Ну что, Норди, если вы с Минушах не против, вернемся к нашей печальной принцессе и Марии Болгарской. Еще буквально два слова о последней. Бабушка Анны не забыла о том, что Византия расправилась с ее предками, и было это не далее как век назад, не считая тайно свершаемых убийств, которые имели место в знатных византийских семействах, после чего было принято заключать браки между враждебными кланами. Поди разберись во всем этом! Византия — царица вероломства! Линия Марии восходила к Арону, брату великого кесаря Самуила, болгарина, чья старшая дочь вышла в свое время за одного из Комниных, дядю по отцовской линии Алексея I, а именно Исаака Комнина, брата Иоанна — отца Алексея. Тут все четко прослежено историками. Я тебя совсем запутала? Просто хотела показать, что генеалогия порфироносцев донельзя головоломна: войны и браки между знатью и захватчиками, греки, славяне, надменные потомки древних родов и наглые соседи. Династия Самуила, владевшая землями от Дуная до Фессалии и Адриатики, то есть обширной соседской территорией, угрожала царствованию Василия II, величайшего самодержца из македонской династии. Неужто потребовались мощь и опасность, исходящие от Самуила, чтобы Василий дошел до применения той варварской жестокости, которой и по истечении века все еще страшились все крестьяне Марии? После многочисленных битв византиец одержал наконец победу в Струмице в 1014 году и взял в плен не менее пятнадцати тысяч человек из числа земляков Марии. Это-то понятно, но к чему было ослеплять их всех, оставив зрячими лишь сто пятьдесят человек, которым выкололи только по одному глазу и поручили отвести соплеменников к Самуилу? А тот не выдержал, да и умер с горя и стыда при виде своих ослепленных воинов, и с тех пор эту жуткую историю рассказывают всем болгарским детям. Вот уж поистине византийский поступок Василия II.

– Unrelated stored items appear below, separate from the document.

lemma inverse_binomial_4_le:
  assumes "4 \<le> m"
  shows "1 / real (m choose 4) \<le> 24 / (real m - 3) ^ 4"
proof -
  have "(real m - 3) ^ 4 \<le> real m * (real m - 1) * (real m - 2) * (real m - 3)"
    unfolding power4_eq_xxxx using assms by (intro mult_mono) auto
  also have "\<dots> = 24 * real (m choose 4)"
    by (simp add: binomial_gbinomial gbinomial_pochhammer pochhammer_prod numeral_eq_Suc
        prod.atLeast0_lessThan_Suc algebra_simps)
  finally have "(real m - 3) ^ 4 / 24 \<le> real (m choose 4)"
    by simp
  then have "1 / real (m choose 4) \<le> 1 / ((real m - 3) ^ 4 / 24)"
    using assms by (intro divide_left_mono) auto
  then show ?thesis
    by simp
qed

lemma inverse_binomial_le_of_5_le:
  assumes "5 \<le> j" "2 * j \<le> m"
  shows "1 / real (m choose j) \<le> 3125 / real m ^ 5"
proof -
  have "(real m / 5) ^ 5 \<le> real (m choose 5)"
    using assms binomial_ge_n_over_k_pow_k[of 5 m] by simp
  also have "\<dots> \<le> real (m choose j)"
    using assms by (simp add: binomial_mono)
  finally have "1 / real (m choose j) \<le> 1 / (real m / 5) ^ 5"
    using assms by (intro divide_left_mono) auto
  then show ?thesis
    by (simp add: power_divide)
qed

lemma sum_inverse_binomial_le:
  assumes "finite Js" "\<forall>j\<in>Js. 4 \<le> j \<and> 2 * j \<le> m"
  shows "(\<Sum>j\<in>Js. 1 / real (m choose j)) \<le> 24 / (real m - 3) ^ 4 + real (card Js) * 3125 / real m ^ 5"
proof -
  have "(\<Sum>j\<in>Js. 1 / real (m choose j))
      \<le> (\<Sum>j\<in>Js. (if j = 4 then 24 / (real m - 3) ^ 4 else 0) + 3125 / real m ^ 5)"
  proof (rule sum_mono)
    fix j assume "j \<in> Js"
    with assms(2) have "4 \<le> j" "2 * j \<le> m"
      by auto
    then show "1 / real (m choose j) \<le> (if j = 4 then 24 / (real m - 3) ^ 4 else 0) + 3125 / real m ^ 5"
      using inverse_binomial_4_le[of m] inverse_binomial_le_of_5_le[of j m] by (auto intro: add_increasing2)
  qed
  also have "\<dots> \<le> 24 / (real m - 3) ^ 4 + real (card Js) * 3125 / real m ^ 5"
    using assms(1) by (simp add: sum.distrib sum.delta)
  finally show ?thesis .
qed
section \<open>Feasible sets and their support functions\<close>

definition induced_rule :: "nat set \<Rightarrow> ('s::finite \<Rightarrow> nat \<Rightarrow> real) \<Rightarrow> (nat \<Rightarrow> 'a::finite \<Rightarrow> real)
    \<Rightarrow> real^('s \<times> 'a)" where
  "induced_rule Y P \<sigma> = (\<chi> i. \<Sum>y\<in>Y. \<sigma> y (snd i) * P (fst i) y)"

lemma feasible_eq_induced_rules: "feasible Y P = {induced_rule Y P \<sigma> | \<sigma>. strategy Y UNIV \<sigma>}"
  unfolding feasible_def induced_rule_def by simp

lemma convex_feasible: "convex (feasible Y P :: (real^('s::finite \<times> 'a::finite)) set)"
  unfolding convex_def feasible_eq_induced_rules
proof (intro ballI allI impI, elim CollectE exE conjE)
  fix x x' :: "real^('s \<times> 'a)" and \<sigma> \<sigma>' and u v :: real
  assume uv: "0 \<le> u" "0 \<le> v" "u + v = 1"
    and \<sigma>: "x = induced_rule Y P \<sigma>" "strategy Y UNIV \<sigma>"
    and \<sigma>': "x' = induced_rule Y P \<sigma>'" "strategy Y UNIV \<sigma>'"
  define \<tau> where "\<tau> y a = u * \<sigma> y a + v * \<sigma>' y a" for y a
  have "strategy Y (UNIV :: 'a set) \<tau>"
    using \<sigma>(2) \<sigma>'(2) uv
    by (auto simp: strategy_def is_dist_def \<tau>_def sum.distrib sum_distrib_left[symmetric])
  moreover have "u *\<^sub>R x + v *\<^sub>R x' = induced_rule Y P \<tau>"
    unfolding \<sigma>(1) \<sigma>'(1) induced_rule_def vec_eq_iff
    by (simp add: \<tau>_def sum_distrib_left sum.distrib[symmetric] algebra_simps)
  ultimately show "u *\<^sub>R x + v *\<^sub>R x' \<in> {induced_rule Y P \<sigma> |\<sigma>. strategy Y UNIV \<sigma>}"
    by blast
qed

lemma compact_distribution_vectors:
  "compact {q :: real^'a::finite. (\<forall>a. 0 \<le> q $ a) \<and> (\<Sum>a\<in>UNIV. q $ a) = 1}"
proof (subst compact_eq_bounded_closed, rule conjI)
  show "bounded {q :: real^'a. (\<forall>a. 0 \<le> q $ a) \<and> (\<Sum>a\<in>UNIV. q $ a) = 1}"
  proof (rule bounded_subset[OF bounded_cbox], intro subsetI)
    fix q :: "real^'a" assume "q \<in> {q. (\<forall>a. 0 \<le> q $ a) \<and> (\<Sum>a\<in>UNIV. q $ a) = 1}"
    then have "0 \<le> q $ a \<and> q $ a \<le> 1" for a
      using member_le_sum[of a UNIV "\<lambda>a. q $ a"] by auto
    then show "q \<in> cbox 0 (\<chi> a. 1)"
      by (simp add: mem_box_cart)
  qed
  show "closed {q :: real^'a. (\<forall>a. 0 \<le> q $ a) \<and> (\<Sum>a\<in>UNIV. q $ a) = 1}"
    by (intro closed_Collect_conj closed_Collect_all closed_Collect_le closed_Collect_eq
        continuous_intros)
qed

При одном упоминании об этом жестоком правителе сердце Марии сжималось, слезы выступали на глазах. Униженные не имут очей. Очи — а не ключ ли это к разгадке Византин?! Столько дискуссий по поводу видимого и невидимого образов, иконоборцев и иконопочитателей, ну ты знаешь… Мария слишком проста, чтобы принимать в этом участие, но знает, что в Константинополе люди прямо из кожи вон лезут, чтобы что-то доказать: иные заявляют, что видят незримый образ, другие считают, что его можно лишь ощутить, достаточно вдохнуть его, испробовать сердцем, приложиться лицом, а затем и всем телом, ну, как, к примеру, приникаешь к иконе или прижимаешь ее к груди. В Византии нас пожирают глазами. Да и у внучки Анны глазки такие острые, так и пробегают страницы ученых трудов! Доступно ли и ей невидимое? Возможно, еще нет. У нее уже много знаний, хоть она и дитя совсем, вот только не умеет делать самых простых вещей: слышать запахи, есть, ощущать. Как ни ослепляла Византия солдат Самуила, глаза все равно остаются. Глаза — свидетели, Анна — нежданный-негаданный свидетель, ее глаза — глаза византийки, но что нам о них известно… о глазах?

Рыба — мистический символ (продолжение «Романа об Анне»)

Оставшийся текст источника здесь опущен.